Particular parts of the brain structure
A new study which could lead to new techniques to block or slow down the memory-destroying disease, researchers said.
For the analysis, the researchers examined brain samples from patients in memory clinics and discovered that the existence of healthful dendritic spines (connections between nerves) offer protection against Alzheimer’s in individuals whose brains possess proteins linked to the disease.
The findings, published recently in the Annals of Neurology, would be the first of their type, the study authors stated.
“Among the precursors of Alzheimer’s is that the growth in the mind of proteins called amyloid and tau, which we refer to as the pathology of Alzheimer’s disease,” said the study’s lead author, Jeremy Herskowitzsaid
He is an assistant professor with the University of Alabama in Birmingham School of Medicine’s division of neurology.

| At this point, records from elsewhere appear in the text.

lemma frob_diff: "(x - y :: 'a) ^ (p ^ k) = x ^ (p ^ k) - y ^ (p ^ k)"
  by (rule frobenius_diff) (simp_all add: CHAR_eq prime_p)

lemma frob_sum: "(sum f S :: 'a) ^ (p ^ k) = (\<Sum>s\<in>S. f s ^ (p ^ k))"
  by (rule freshmans_dream_sum') (simp_all add: CHAR_eq prime_p)

lemmas frobq_add = frob_add[of _ _ m, folded q_def]
  and frobq_diff = frob_diff[of _ _ m, folded q_def]
  and frobq_sum = frob_sum[of _ _ m, folded q_def]

lemma q_squared_minus_1: "q * q - 1 = (q + 1) * (q - 1)"
  using q_ge_3 by (simp add: algebra_simps diff_mult_distrib2)

lemma primitive_power_eq_1_iff: "\<epsilon> ^ k = 1 \<longleftrightarrow> (q + 1) * (q - 1) dvd k"
  using primitive_elem_power_eq_1_iff[OF primitive, of k]
  by (simp only: card_eq power2_eq_square q_squared_minus_1)

lemma unit_power_card: "x \<noteq> 0 \<Longrightarrow> x ^ (q * q - 1) = (1 :: 'a)"
proof -
  assume "x \<noteq> 0"
  then obtain k where "x = \<epsilon> ^ k"
    using primitive by (auto simp: primitive_elem_def)
  moreover have "\<epsilon> ^ (q * q - 1) = 1"
    by (simp only: primitive_power_eq_1_iff q_squared_minus_1 dvd_refl)
  ultimately show ?thesis
    by (simp add: power_power_commute[of \<epsilon> k])
qed

lemma power_q_q: "(x ^ q) ^ q = (x :: 'a)"
proof (cases "x = 0")
  case False
  have "(x ^ q) ^ q = x ^ (q * q - 1) * x"
    using power_minus_mult[of "q * q" x] q_ge_3 by (simp flip: power_mult)
  then show ?thesis
    using unit_power_card[OF False] by simp
qed (use q_ge_3 in simp)
(* If $G \ne K_4$ is a connected, claw-free, cubic graph of order $n$, then (a) $\frac{1}{3}n \le \alpha(G) \le \frac{2}{5}n$, and (b) $\frac{3}{5}n \le m(G,3) \le \frac{2}{3}n$.
   Context: A graph is claw-free if it has no induced subgraph isomorphic to $K_{1,3}$; it is cubic if every vertex has degree $3$. $\alpha(G)$ is the independence number. $3$-percolation: starting from a set $S$ of infected vertices, repeatedly infect any uninfected vertex having at least $3$ infected neighbors; $S$ is $3$-percolating if eventually all vertices are infected, and $m(G,3)$ is the minimum cardinality of a $3$-percolating set of $G$. *)

theory Defs
  imports Complex_Main
begin

definition graph :: "'a set \<Rightarrow> ('a \<Rightarrow> 'a \<Rightarrow> bool) \<Rightarrow> bool" where
  "graph V E \<longleftrightarrow> finite V \<and> (\<forall>u v. E u v \<longrightarrow> u \<in> V \<and> v \<in> V)
     \<and> (\<forall>u v. E u v \<longrightarrow> E v u) \<and> (\<forall>v. \<not> E v v)"

definition nbrs :: "'a set \<Rightarrow> ('a \<Rightarrow> 'a \<Rightarrow> bool) \<Rightarrow> 'a \<Rightarrow> 'a set" where
  "nbrs V E v = {u \<in> V. E v u}"

definition cubic :: "'a set \<Rightarrow> ('a \<Rightarrow> 'a \<Rightarrow> bool) \<Rightarrow> bool" where
  "cubic V E \<longleftrightarrow> (\<forall>v\<in>V. card (nbrs V E v) = 3)"

definition connected_graph :: "'a set \<Rightarrow> ('a \<Rightarrow> 'a \<Rightarrow> bool) \<Rightarrow> bool" where
  "connected_graph V E \<longleftrightarrow> V \<noteq> {} \<and>
     (\<forall>u\<in>V. \<forall>v\<in>V. (\<lambda>x y. E x y)\<^sup>*\<^sup>* u v)"

definition claw_free :: "'a set \<Rightarrow> ('a \<Rightarrow> 'a \<Rightarrow> bool) \<Rightarrow> bool" where
  "claw_free V E \<longleftrightarrow> \<not> (\<exists>c\<in>V. \<exists>x\<in>V. \<exists>y\<in>V. \<exists>z\<in>V.
     E c x \<and> E c y \<and> E c z \<and> x \<noteq> y \<and> x \<noteq> z \<and> y \<noteq> z \<and>
     \<not> E x y \<and> \<not> E x z \<and> \<not> E y z)"

definition is_K4 :: "'a set \<Rightarrow> ('a \<Rightarrow> 'a \<Rightarrow> bool) \<Rightarrow> bool" where
  "is_K4 V E \<longleftrightarrow> card V = 4 \<and> (\<forall>u\<in>V. \<forall>v\<in>V. u \<noteq> v \<longrightarrow> E u v)"

definition independent_set :: "'a set \<Rightarrow> ('a \<Rightarrow> 'a \<Rightarrow> bool) \<Rightarrow> 'a set \<Rightarrow> bool" where
  "independent_set V E I \<longleftrightarrow> I \<subseteq> V \<and> (\<forall>u\<in>I. \<forall>v\<in>I. \<not> E u v)"

definition independence_number :: "'a set \<Rightarrow> ('a \<Rightarrow> 'a \<Rightarrow> bool) \<Rightarrow> nat" where
  "independence_number V E = Max (card ` {I. independent_set V E I})"

text \<open>r-percolation: the set of eventually infected vertices starting from S
  (a vertex becomes infected once some r of its neighbours, a finite set T, are infected).\<close>
inductive_set infected :: "'a set \<Rightarrow> ('a \<Rightarrow> 'a \<Rightarrow> bool) \<Rightarrow> nat \<Rightarrow> 'a set \<Rightarrow> 'a set"
  for V E r S where
  init: "v \<in> S \<Longrightarrow> v \<in> infected V E r S"
| step: "v \<in> V \<Longrightarrow> T \<subseteq> nbrs V E v \<Longrightarrow> finite T \<Longrightarrow> card T \<ge> r \<Longrightarrow>
      (\<And>u. u \<in> T \<Longrightarrow> u \<in> infected V E r S) \<Longrightarrow> v \<in> infected V E r S"

definition percolating :: "'a set \<Rightarrow> ('a \<Rightarrow> 'a \<Rightarrow> bool) \<Rightarrow> nat \<Rightarrow> 'a set \<Rightarrow> bool" where
  "percolating V E r S \<longleftrightarrow> S \<subseteq> V \<and> V \<subseteq> infected V E r S"

definition min_percolating :: "'a set \<Rightarrow> ('a \<Rightarrow> 'a \<Rightarrow> bool) \<Rightarrow> nat \<Rightarrow> nat" where
  "min_percolating V E r = Min (card ` {S. percolating V E r S})"

end

theory Submission
  imports Defs
begin

text \<open>In a cubic graph a vertex outside the initial set \<open>S\<close> becomes infected only when all three
  of its neighbours are infected, so the 3-percolating sets are exactly the complements of
  independent sets and \<open>m(G,3) = n - \<alpha>(G)\<close>; part (b) is thus part (a).

  The bound \<open>\<alpha>(G) \<le> 2n/5\<close> is double counting: every vertex of an independent set \<open>I\<close> has three
  neighbours outside \<open>I\<close>, and by claw-freeness every vertex outside \<open>I\<close> has at most two neighbours
  in \<open>I\<close>.

  The bound \<open>\<alpha>(G) \<ge> n/3\<close> is proved by induction on \<open>n\<close> for the larger class of claw-free,
  \<open>K\<^sub>4\<close>-free graphs of maximum degree at most 3 (\<open>G\<close> is \<open>K\<^sub>4\<close>-free, being connected, cubic and
  not \<open>K\<^sub>4\<close>). An independent set \<open>J\<close> whose closed neighbourhood has at most \<open>3|J|\<close> vertices
  can be split off: a vertex of degree at most 2, or two non-adjacent vertices with two common
  neighbours. Otherwise the graph is cubic, each vertex \<open>v\<close> lies in a triangle \<open>vxy\<close>, and deleting
  the triangle while joining the third neighbours \<open>v'\<close> of \<open>v\<close> and \<open>x'\<close> of \<open>x\<close> gives a smaller
  graph of the class; an independent set of it extends by \<open>v\<close> or by \<open>x\<close>.\<close>

lemma graph_finite: "graph V E \<Longrightarrow> finite V"
  unfolding graph_def by simp

lemma graph_sym: "graph V E \<Longrightarrow> E u v \<Longrightarrow> E v u"
  unfolding graph_def by blast

lemma graph_irrefl: "graph V E \<Longrightarrow> \<not> E v v"
  unfolding graph_def by blast

lemma graph_edge_in: "graph V E \<Longrightarrow> E u v \<Longrightarrow> u \<in> V \<and> v \<in> V"
  unfolding graph_def by blast

lemma nbrs_subset: "nbrs V E v \<subseteq> V"
  unfolding nbrs_def by blast

lemma finite_nbrs: "graph V E \<Longrightarrow> finite (nbrs V E v)"
  using graph_finite nbrs_subset finite_subset by metis

lemma mem_nbrs_iff: "graph V E \<Longrightarrow> u \<in> nbrs V E v \<longleftrightarrow> E v u"
  unfolding graph_def nbrs_def by auto

lemma claw_freeD:
  assumes "claw_free V E" "c \<in> V" "x \<in> V" "y \<in> V" "z \<in> V" "E c x" "E c y" "E c z"
    "x \<noteq> y" "x \<noteq> z" "y \<noteq> z"
  shows "E x y \<or> E x z \<or> E y z"
  using assms unfolding claw_free_def by blast

lemma independent_set_subset: "independent_set V E I \<Longrightarrow> I \<subseteq> V"
  unfolding independent_set_def by blast

lemma finite_independent_sets:
  assumes "graph V E"
  shows "finite {I. independent_set V E I}"
proof (rule finite_subset)
  show "{I. independent_set V E I} \<subseteq> Pow V"
    unfolding independent_set_def by blast
qed (simp add: graph_finite[OF assms])

lemma card_le_independence_number:
  "graph V E \<Longrightarrow> independent_set V E I \<Longrightarrow> card I \<le> independence_number V E"
  unfolding independence_number_def by (simp add: finite_independent_sets)

lemma independence_number_attained:
  assumes "graph V E"
  obtains I where "independent_set V E I" "card I = independence_number V E"
proof -
  have "independent_set V E {}"
    by (simp add: independent_set_def)
  then have "independence_number V E \<in> card ` {I. independent_set V E I}"
    unfolding independence_number_def using finite_independent_sets[OF assms] by (intro Max_in) auto
  then show thesis
    using that by auto
qed

lemma card_nbrs_Int_independent_set_le_2:
  assumes g: "graph V E" and cf: "claw_free V E" and I: "independent_set V E I" and u: "u \<in> V"
  shows "card (nbrs V E u \<inter> I) \<le> 2"
proof (rule ccontr)
  assume "\<not> ?thesis"
  then have "3 \<le> card (nbrs V E u \<inter> I)"
    by simp
  then obtain A where "A \<subseteq> nbrs V E u \<inter> I" "card A = 3"
    by (rule obtain_subset_with_card_n)
  then obtain p q r where pqr: "{p, q, r} \<subseteq> nbrs V E u \<inter> I" "p \<noteq> q" "q \<noteq> r" "p \<noteq> r"
    by (metis card_3_iff)
  then have "E u p" "E u q" "E u r" "p \<in> V" "q \<in> V" "r \<in> V"
    using nbrs_subset[of V E u] mem_nbrs_iff[OF g, of _ u] by auto
  moreover have "\<not> E p q" "\<not> E p r" "\<not> E q r"
    using pqr I unfolding independent_set_def by blast+
  ultimately show False
    using claw_freeD[OF cf u] pqr(2-4) by blast
qed

lemma card_independent_set_cubic_claw_free:
  assumes g: "graph V E" and c: "cubic V E" and cf: "claw_free V E"
    and I: "independent_set V E I"
  shows "5 * card I \<le> 2 * card V"
proof -
  have IV: "I \<subseteq> V"
    using independent_set_subset[OF I] .
  have fV: "finite V" and fI: "finite I"
    using graph_finite[OF g] IV finite_subset by auto
  have nbrs_I: "nbrs V E i = {u. u \<in> V - I \<and> E i u}" if "i \<in> I" for i
    using I that unfolding independent_set_def nbrs_def by auto
  have in_I: "{i. i \<in> I \<and> E i u} = nbrs V E u \<inter> I" for u
    using IV graph_sym[OF g] unfolding nbrs_def by auto
  \<comment> \<open>count the edges between \<open>I\<close> and \<open>V - I\<close> from both ends\<close>
  have "3 * card I = (\<Sum>i\<in>I. card (nbrs V E i))"
    using c IV unfolding cubic_def by (simp add: subset_iff)
  also have "\<dots> = (\<Sum>i\<in>I. card {u. u \<in> V - I \<and> E i u})"
    using nbrs_I by simp
  also have "\<dots> = (\<Sum>u\<in>V - I. card {i. i \<in> I \<and> E i u})"
    using sum.swap_restrict[OF fI finite_Diff[OF fV], of "\<lambda>_ _. 1::nat"] by simp
  also have "\<dots> \<le> (\<Sum>u\<in>V - I. 2)"
    using card_nbrs_Int_independent_set_le_2[OF g cf I] in_I by (intro sum_mono) auto
  also have "\<dots> = 2 * (card V - card I)"
    using IV fI by (simp add: card_Diff_subset)
  finally show ?thesis
    using card_mono[OF fV IV] by linarith
qed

“But about 30 percent of the aging people possess amyloid and tau buildup but not develop dementia. Our analysis revealed that these folks had bigger, more varied dendritic spines compared to people who have dementia, suggesting that backbone health plays a important part in the beginning of illness,” Herskowitz said in a university news release.
Neurons, that are brain cells, which are constantly sending out dendritic spines in search of different neurons. When they link, a synapse — a market of advice — happens between nerves. This is the foundation for learning and memory, the investigators explained.
“One clear culprit in Alzheimer’s disease is that the reduction of dendritic spines and therefore the reduction of synapses,” Herskowitz said.
“This could impair the capacity to believe, so the premise was that people without dementia had wholesome [dendritic] spines and people with dementia didn’t. But nobody had gone in to see if this was accurate,” he noticed.
Healthy dendritic spines may be hereditary, or the consequence of healthful lifestyle habits — like good diet and exercise — that are proven to decrease the risk of dementia, Herskowitz said.
The newest findings give “a target for medication which would be made to encourage and preserve dendritic spine wellbeing in a bid to reconstruct neurons or stop their loss,” he added.
“This information indicates that rebuilding volunteers is potential. And as we’re better able to spot the gain of both amyloid and tau early in the development of this disease, even before symptoms appear, we may be able to one day provide a medicine which could lead to preserving healthful dendritic spines in people who have the Alzheimer’s pathology,” he concluded.